Charles Robert Darwin (1809–1882)
Charles Darwin came up to Cambridge as a student in 1827, when he was 18, having earlier had an unsatisfactory spell as a medical student at Edinburgh University. He was a member of Christ’s College. His father wished him to become a Clergyman and he was enrolled for a general degree which included the study of theology and mathematics. He graduated with a Bachelor of Arts degree in 1831.
As a student Darwin enjoyed Cambridge life to the full, hunting, collecting natural history specimens – especially beetles – and, with a group of like minds, forming the “Glutton Club”, a dining club devoted to eating “Birds and beasts which were before unknown to human palate”.

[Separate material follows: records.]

(* Let $n\ge 1$. For $i,j\in\{1,\dots,n\}$ let $L_i>0$, $\mu_i>0$, $\theta_i\ge 0$, $\lambda_i\ge 0$ and $\gamma_{ij}\ge 0$ be real numbers with $\gamma_{ii}=0$ and $\gamma_{ij}=\gamma_{ji}$ for all $i,j$. Let $A$ be the $n\times n$ matrix with entries $$A_{ii}=-\Big(\frac{\mu_i}{L_i}+\theta_i+\sum_{j=1}^n\frac{\gamma_{ij}}{L_i}\Big),\qquad A_{ij}=\frac{\gamma_{ij}}{L_j}\quad (i\neq j),$$ and let $b\in\mathbb{R}^n$ have entries $b_i=\mu_i-\lambda_i$. Then $A$ is invertible and the equilibrium point $y^*=-A^{-1}b$ of the linear system of differential equations $y'(t)=Ay(t)+b$ is a stable equilibrium point.
   Context: The system models the inventory levels $y_i(t)$ of $n$ warehouses in one echelon: $L_i$ is the maximum inventory level, $\mu_i$ the maximum supply rate, $\theta_i$ the deterioration percentage per unit time, $\lambda_i$ the demand rate of warehouse $i$, and $\gamma_{ij}$ the maximum lateral transshipment rate from warehouse $i$ to $j$. Componentwise, $y_i'=(\mu_i-\lambda_i)-\big(\mu_i/L_i+\theta_i+\sum_j\gamma_{ij}/L_i\big)y_i+\sum_j(\gamma_{ij}/L_j)y_j$. *)

theory Defs
  imports "HOL-Analysis.Analysis"
begin

definition is_solution :: "real^'n^'n \<Rightarrow> real^'n \<Rightarrow> (real \<Rightarrow> real^'n) \<Rightarrow> bool" where
  "is_solution A b y \<longleftrightarrow>
     (\<forall>t\<ge>0. (y has_vector_derivative (A *v y t + b)) (at t within {0..}))"

definition stable_equilibrium :: "real^'n^'n \<Rightarrow> real^'n \<Rightarrow> real^'n \<Rightarrow> bool" where
  "stable_equilibrium A b ys \<longleftrightarrow>
     A *v ys + b = 0 \<and>
     (\<forall>\<epsilon>>0. \<exists>\<delta>>0. \<forall>y. is_solution A b y \<and> norm (y 0 - ys) < \<delta> \<longrightarrow>
        (\<forall>t\<ge>0. norm (y t - ys) < \<epsilon>))"

end

theory Submission
  imports Defs
begin

text \<open>
  Up to the positive column scaling by 1/L_j, the matrix A is symmetric with a strictly
  dominant negative diagonal: A = S D^-1 with D = diag L and
  w' S w = - sum_i (mu_i + theta_i L_i) w_i^2 - 1/2 sum_ij gamma_ij (w_i - w_j)^2 < 0 for w \<noteq> 0.
  Hence the weighted norm V(x) = sum_i x_i^2 / L_i satisfies d/dt V(y - y*) = 2 w' S w \<le> 0
  with w = D^-1 (y - y*), so V is a Lyapunov function; its strict negativity also rules out a
  nontrivial kernel of A. Nothing about b (hence about lam) is needed.
\<close>

lemma symmetric_weighted_sum_nonneg:
  fixes g :: "'n::finite \<Rightarrow> 'n \<Rightarrow> real" and w :: "'n \<Rightarrow> real"
  assumes "\<And>i j. g i j \<ge> 0" and "\<And>i j. g i j = g j i"
  shows "(\<Sum>i\<in>UNIV. \<Sum>j\<in>UNIV. g i j * ((w i)^2 - w i * w j)) \<ge> 0"
proof -
  let ?X = "\<Sum>i\<in>UNIV. \<Sum>j\<in>UNIV. g i j * ((w i)^2 - w i * w j)"
  have swapped: "?X = (\<Sum>i\<in>UNIV. \<Sum>j\<in>UNIV. g i j * ((w j)^2 - w i * w j))"
    by (subst sum.swap) (simp add: assms(2) mult.commute)
  have "2 * ?X = (\<Sum>i\<in>UNIV. \<Sum>j\<in>UNIV. g i j * ((w i)^2 - w i * w j) + g i j * ((w j)^2 - w i * w j))"
    by (subst mult_2, subst (2) swapped) (simp add: sum.distrib)
  also have "\<dots> = (\<Sum>i\<in>UNIV. \<Sum>j\<in>UNIV. g i j * (w i - w j)^2)"
    by (intro sum.cong refl) (simp add: power2_eq_square algebra_simps)
  also have "\<dots> \<ge> 0"
    using assms(1) by (intro sum_nonneg mult_nonneg_nonneg) auto
  finally show ?thesis by simp
qed

lemma matrix_inv_right:
  assumes "invertible A"
  shows "A ** matrix_inv A = mat 1"
  using assms unfolding invertible_def matrix_inv_def by (rule someI_ex[THEN conjunct1])

lemma matrix_inv_equilibrium:
  fixes A :: "real^'n^'n"
  assumes "invertible A"
  shows "A *v (- (matrix_inv A *v b)) + b = 0"
proof -
  have "A *v (- x) = - (A *v x)" for x :: "real^'n"
    using matrix_vector_mult_diff_distrib[of A 0 x] by simp
  then show ?thesis
    by (simp add: matrix_vector_mul_assoc matrix_inv_right[OF assms])
qed

lemma invertible_if_weighted_form_negative:
  fixes A :: "real^'n^'n"
  assumes "\<And>x. x \<noteq> 0 \<Longrightarrow> (\<Sum>i\<in>UNIV. c i * x$i * (A *v x)$i) < 0"
  shows "invertible A"
proof -
  have "x = 0" if "A *v x = 0" for x
    using assms[of x] that by force
  then show ?thesis
    by (simp add: invertible_left_inverse matrix_left_invertible_ker)
qed


lemma power2_norm_vec: "(norm x)^2 = (\<Sum>i\<in>UNIV. (x$i)^2)"
  unfolding power2_norm_eq_inner inner_vec_def by (simp add: power2_eq_square)

definition weighted_sq_norm :: "('n::finite \<Rightarrow> real) \<Rightarrow> real^'n \<Rightarrow> real" where
  "weighted_sq_norm c x = (\<Sum>i\<in>UNIV. c i * (x$i)^2)"

lemma sq_norm_le_weighted_sq_norm:
  assumes "\<And>i. c i \<ge> m" and "m > 0"
  shows "m * (norm x)^2 \<le> weighted_sq_norm c x"
proof -
  have "m * (norm x)^2 = (\<Sum>i\<in>UNIV. m * (x$i)^2)"
    by (simp add: power2_norm_vec sum_distrib_left)
  also have "\<dots> \<le> weighted_sq_norm c x"
    unfolding weighted_sq_norm_def using assms by (intro sum_mono mult_right_mono) auto
  finally show ?thesis .
qed

lemma weighted_sq_norm_le_sq_norm:
  assumes "\<And>i. c i \<le> M"
  shows "weighted_sq_norm c x \<le> M * (norm x)^2"
proof -
  have "weighted_sq_norm c x \<le> (\<Sum>i\<in>UNIV. M * (x$i)^2)"
    unfolding weighted_sq_norm_def using assms by (intro sum_mono mult_right_mono) auto
  also have "\<dots> = M * (norm x)^2"
    by (simp add: power2_norm_vec sum_distrib_left)
  finally show ?thesis .
qed

lemma has_real_derivative_weighted_sq_norm:
  assumes "(z has_vector_derivative z') (at s within S)"
  shows "((\<lambda>s. weighted_sq_norm c (z s)) has_real_derivative
           2 * (\<Sum>i\<in>UNIV. c i * z s$i * z'$i)) (at s within S)"
proof -
  have "((\<lambda>s. z s $ i) has_real_derivative z'$i) (at s within S)" for i
    using bounded_linear.has_vector_derivative[OF bounded_linear_vec_nth assms, of i]
    by (simp add: has_real_derivative_iff_has_vector_derivative)
  then have "((\<lambda>s. c i * (z s$i)^2) has_real_derivative 2 * (c i * z s$i * z'$i)) (at s within S)" for i
    by (auto intro!: derivative_eq_intros)
  then show ?thesis
    unfolding weighted_sq_norm_def sum_distrib_left by (intro DERIV_sum) auto
qed

lemma nonincreasing_if_derivative_nonpos:
  fixes f f' :: "real \<Rightarrow> real"
  assumes "\<And>s. s \<ge> 0 \<Longrightarrow> (f has_real_derivative f' s) (at s within {0..})"
    and "\<And>s. s \<ge> 0 \<Longrightarrow> f' s \<le> 0"
    and "t \<ge> 0"
  shows "f t \<le> f 0"
proof (rule DERIV_nonpos_imp_decreasing_open[OF \<open>t \<ge> 0\<close>])
  fix s :: real assume s: "0 < s" "s < t"
  have "(f has_real_derivative f' s) (at s within {0<..})"
    using assms(1)[of s] s by (auto intro: has_field_derivative_subset)
  then have "(f has_real_derivative f' s) (at s)"
    using s by (simp add: at_within_open[of s "{0<..}"])
  with assms(2)[of s] s show "\<exists>y. (f has_real_derivative y) (at s) \<and> y \<le> 0"
    by auto
next
  have "continuous_on {0..} f"
    unfolding continuous_on_eq_continuous_within using assms(1) by (auto intro: DERIV_continuous)
  then show "continuous_on {0..t} f"
    by (rule continuous_on_subset) auto
qed

lemma weighted_sq_norm_nonincreasing_along_solution:
  fixes A :: "real^'n^'n"
  assumes "is_solution A b y" and "A *v ys + b = 0"
    and "\<And>x. (\<Sum>i\<in>UNIV. c i * x$i * (A *v x)$i) \<le> 0"
    and "t \<ge> 0"
  shows "weighted_sq_norm c (y t - ys) \<le> weighted_sq_norm c (y 0 - ys)"
proof -
  have "((\<lambda>s. y s - ys) has_vector_derivative A *v (y s - ys)) (at s within {0..})"
    if "s \<ge> 0" for s
  proof -
    have "A *v (y s - ys) = A *v y s + b - 0"
      using assms(2) by (simp add: matrix_vector_mult_diff_distrib algebra_simps)
    with assms(1) that show ?thesis
      unfolding is_solution_def by (auto intro!: derivative_eq_intros)
  qed
  then have "((\<lambda>s. weighted_sq_norm c (y s - ys)) has_real_derivative
       2 * (\<Sum>i\<in>UNIV. c i * (y s - ys)$i * (A *v (y s - ys))$i)) (at s within {0..})"
    if "s \<ge> 0" for s
    using that by (intro has_real_derivative_weighted_sq_norm)
  moreover have "2 * (\<Sum>i\<in>UNIV. c i * (y s - ys)$i * (A *v (y s - ys))$i) \<le> 0" for s
    using assms(3)[of "y s - ys"] by linarith
  ultimately show ?thesis
    using \<open>t \<ge> 0\<close> by (rule nonincreasing_if_derivative_nonpos)
qed

lemma stable_equilibrium_if_weighted_form_nonpos:
  fixes A :: "real^'n^'n"
  assumes "A *v ys + b = 0" and "\<And>i. c i > 0"
    and "\<And>x. (\<Sum>i\<in>UNIV. c i * x$i * (A *v x)$i) \<le> 0"
  shows "stable_equilibrium A b ys"
  unfolding stable_equilibrium_def
proof (intro conjI assms(1) allI impI)
  fix \<epsilon> :: real assume "\<epsilon> > 0"
  define m where "m = Min (range c)"
  define M where "M = Max (range c)"
  have cm: "m \<le> c i" and cM: "c i \<le> M" for i
    by (simp_all add: m_def M_def)
  have "m > 0"
    unfolding m_def using assms(2) by (simp add: Min_gr_iff)
  then have "M > 0"
    using cm cM by (meson less_le_trans)
  define \<delta> where "\<delta> = \<epsilon> * sqrt (m / M)"
  have "\<delta> > 0"
    using \<open>\<epsilon> > 0\<close> \<open>m > 0\<close> \<open>M > 0\<close> by (simp add: \<delta>_def)
  moreover have "norm (y t - ys) < \<epsilon>"
    if y: "is_solution A b y \<and> norm (y 0 - ys) < \<delta>" and "t \<ge> 0" for y t
  proof -
    have "m * (norm (y t - ys))^2 \<le> weighted_sq_norm c (y t - ys)"
      using cm \<open>m > 0\<close> by (rule sq_norm_le_weighted_sq_norm)
    also have "\<dots> \<le> weighted_sq_norm c (y 0 - ys)"
      using y assms(1,3) \<open>t \<ge> 0\<close> by (intro weighted_sq_norm_nonincreasing_along_solution) auto
    also have "\<dots> \<le> M * (norm (y 0 - ys))^2"
      using cM by (rule weighted_sq_norm_le_sq_norm)
    also have "\<dots> < M * \<delta>^2"
      using y \<open>M > 0\<close> by (simp add: power_strict_mono)
    also have "\<dots> = m * \<epsilon>^2"
      using \<open>m > 0\<close> \<open>M > 0\<close> by (simp add: \<delta>_def power_mult_distrib)
    finally have "(norm (y t - ys))^2 < \<epsilon>^2"
      using \<open>m > 0\<close> by simp
    then show ?thesis
      using \<open>\<epsilon> > 0\<close> by (simp add: power_less_imp_less_base)
  qed
  ultimately show "\<exists>\<delta>>0. \<forall>y. is_solution A b y \<and> norm (y 0 - ys) < \<delta> \<longrightarrow>
                      (\<forall>t\<ge>0. norm (y t - ys) < \<epsilon>)"
    by blast
qed


lemma inventory_weighted_form_bound:
  fixes L \<mu> \<theta> :: "'n::finite \<Rightarrow> real" and \<gamma> :: "'n \<Rightarrow> 'n \<Rightarrow> real" and A :: "real^'n^'n"
  assumes "\<And>i. L i > 0" and "\<And>i. \<theta> i \<ge> 0"
    and "\<And>i j. \<gamma> i j \<ge> 0" and "\<And>i. \<gamma> i i = 0" and "\<And>i j. \<gamma> i j = \<gamma> j i"
    and "\<And>i. A $ i $ i = - (\<mu> i / L i + \<theta> i + (\<Sum>j\<in>UNIV. \<gamma> i j / L i))"
    and "\<And>i j. i \<noteq> j \<Longrightarrow> A $ i $ j = \<gamma> i j / L j"
  shows "(\<Sum>i\<in>UNIV. 1 / L i * z$i * (A *v z)$i) \<le> - (\<Sum>i\<in>UNIV. \<mu> i * (z$i / L i)^2)"
proof -
  define w where "w i = z$i / L i" for i
  have z_eq: "z$i = L i * w i" for i
    using assms(1)[of i] by (simp add: w_def)
  have row: "(A *v z)$i = (\<Sum>j\<in>UNIV. \<gamma> i j * w j) + A$i$i * z$i" for i
  proof -
    have "(A *v z)$i = (\<Sum>j\<in>UNIV. \<gamma> i j * w j + (if j = i then A$i$i * z$i else 0))"
      unfolding matrix_vector_mult_def
      using assms(1) by (auto intro!: sum.cong simp: assms(4,7) z_eq less_imp_neq[symmetric])
    then show ?thesis by (simp add: sum.distrib)
  qed
  have term_eq: "1 / L i * z$i * (A *v z)$i = - (\<mu> i + \<theta> i * L i) * (w i)^2
      - (\<Sum>j\<in>UNIV. \<gamma> i j * ((w i)^2 - w i * w j))" for i
  proof -
    have "1 / L i * z$i * (A *v z)$i = (\<Sum>j\<in>UNIV. w i * (\<gamma> i j * w j))
        - (\<mu> i + \<theta> i * L i) * (w i)^2 - (\<Sum>j\<in>UNIV. \<gamma> i j / L i) * L i * (w i)^2"
      using assms(1)[of i] unfolding row assms(6) z_eq
      by (simp add: sum_distrib_left power2_eq_square field_simps)
    also have "(\<Sum>j\<in>UNIV. \<gamma> i j / L i) * L i = (\<Sum>j\<in>UNIV. \<gamma> i j)"
      using assms(1)[of i] by (simp add: sum_divide_distrib[symmetric])
    finally show ?thesis
      by (simp add: sum_subtractf sum_distrib_left sum_distrib_right algebra_simps)
  qed
  have "(\<Sum>i\<in>UNIV. 1 / L i * z$i * (A *v z)$i) =
      (\<Sum>i\<in>UNIV. - (\<mu> i + \<theta> i * L i) * (w i)^2)
      - (\<Sum>i\<in>UNIV. \<Sum>j\<in>UNIV. \<gamma> i j * ((w i)^2 - w i * w j))"
    unfolding term_eq by (simp add: sum_subtractf)
  also have "\<dots> \<le> (\<Sum>i\<in>UNIV. - (\<mu> i + \<theta> i * L i) * (w i)^2)"
    using symmetric_weighted_sum_nonneg[of \<gamma> w, OF assms(3,5)] by simp
  also have "\<dots> \<le> (\<Sum>i\<in>UNIV. - \<mu> i * (w i)^2)"
    using assms(1,2) by (intro sum_mono) (simp add: algebra_simps less_imp_le)
  finally show ?thesis
    by (simp add: w_def sum_negf)
qed

theorem proposition2:
  fixes L \<mu> \<theta> lam :: "'n::finite \<Rightarrow> real" and \<gamma> :: "'n \<Rightarrow> 'n \<Rightarrow> real"
    and A :: "real^'n^'n" and b :: "real^'n"
  assumes "\<And>i. L i > 0" and "\<And>i. \<mu> i > 0" and "\<And>i. \<theta> i \<ge> 0" and "\<And>i. lam i \<ge> 0"
    and "\<And>i j. \<gamma> i j \<ge> 0" and "\<And>i. \<gamma> i i = 0" and "\<And>i j. \<gamma> i j = \<gamma> j i"
    and "\<And>i. A $ i $ i = - (\<mu> i / L i + \<theta> i + (\<Sum>j\<in>UNIV. \<gamma> i j / L i))"
    and "\<And>i j. i \<noteq> j \<Longrightarrow> A $ i $ j = \<gamma> i j / L j"
    and "\<And>i. b $ i = \<mu> i - lam i"
  shows "invertible A \<and> stable_equilibrium A b (- (matrix_inv A *v b))"
proof -
  have bound: "(\<Sum>i\<in>UNIV. 1 / L i * z$i * (A *v z)$i) \<le> - (\<Sum>i\<in>UNIV. \<mu> i * (z$i / L i)^2)" for z
    using assms(1,3,5-9) by (rule inventory_weighted_form_bound)
  have "(\<Sum>i\<in>UNIV. \<mu> i * (z$i / L i)^2) > 0" if "z \<noteq> 0" for z
  proof -
    obtain k where "z$k \<noteq> 0"
      using \<open>z \<noteq> 0\<close> by (auto simp: vec_eq_iff)
    then have "\<mu> k * (z$k / L k)^2 > 0"
      using assms(1,2)[of k] by simp
    then show ?thesis
      using assms(2) by (intro sum_pos2[of UNIV k]) (auto simp: less_imp_le)
  qed
  with bound have "invertible A"
    by (intro invertible_if_weighted_form_negative[of "\<lambda>i. 1 / L i"])
       (meson neg_less_0_iff_less order_le_less_trans)
  moreover have "stable_equilibrium A b (- (matrix_inv A *v b))"
  proof (rule stable_equilibrium_if_weighted_form_nonpos[of _ _ _ "\<lambda>i. 1 / L i"])
    show "A *v (- (matrix_inv A *v b)) + b = 0"
      using \<open>invertible A\<close> by (rule matrix_inv_equilibrium)
    show "(\<Sum>i\<in>UNIV. 1 / L i * z$i * (A *v z)$i) \<le> 0" for z
      using bound[of z] assms(2) by (smt (verit) sum_nonneg zero_le_mult_iff zero_le_power2)
  qed (simp add: assms(1))
  ultimately show ?thesis ..
qed

end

He made friendships which lasted the rest of his life, and also found some inspirational teaching, both formal and informal, in particular from John Stevens Henslow, Professor of Botany and Director of the Cambridge University Botanic Garden and Adam Sedgwick, Woodwardian Professor of Geology.
In 1831 Henslow was asked to suggest a suitable gentleman naturalist to sail with HMS Beagle on an admiralty surveying expedition to South America. Henslow recommended his recently graduated protégé, Charles Darwin. Despite initial opposition from his father, Darwin was on board when the Beagle set sail on 27 December 1831.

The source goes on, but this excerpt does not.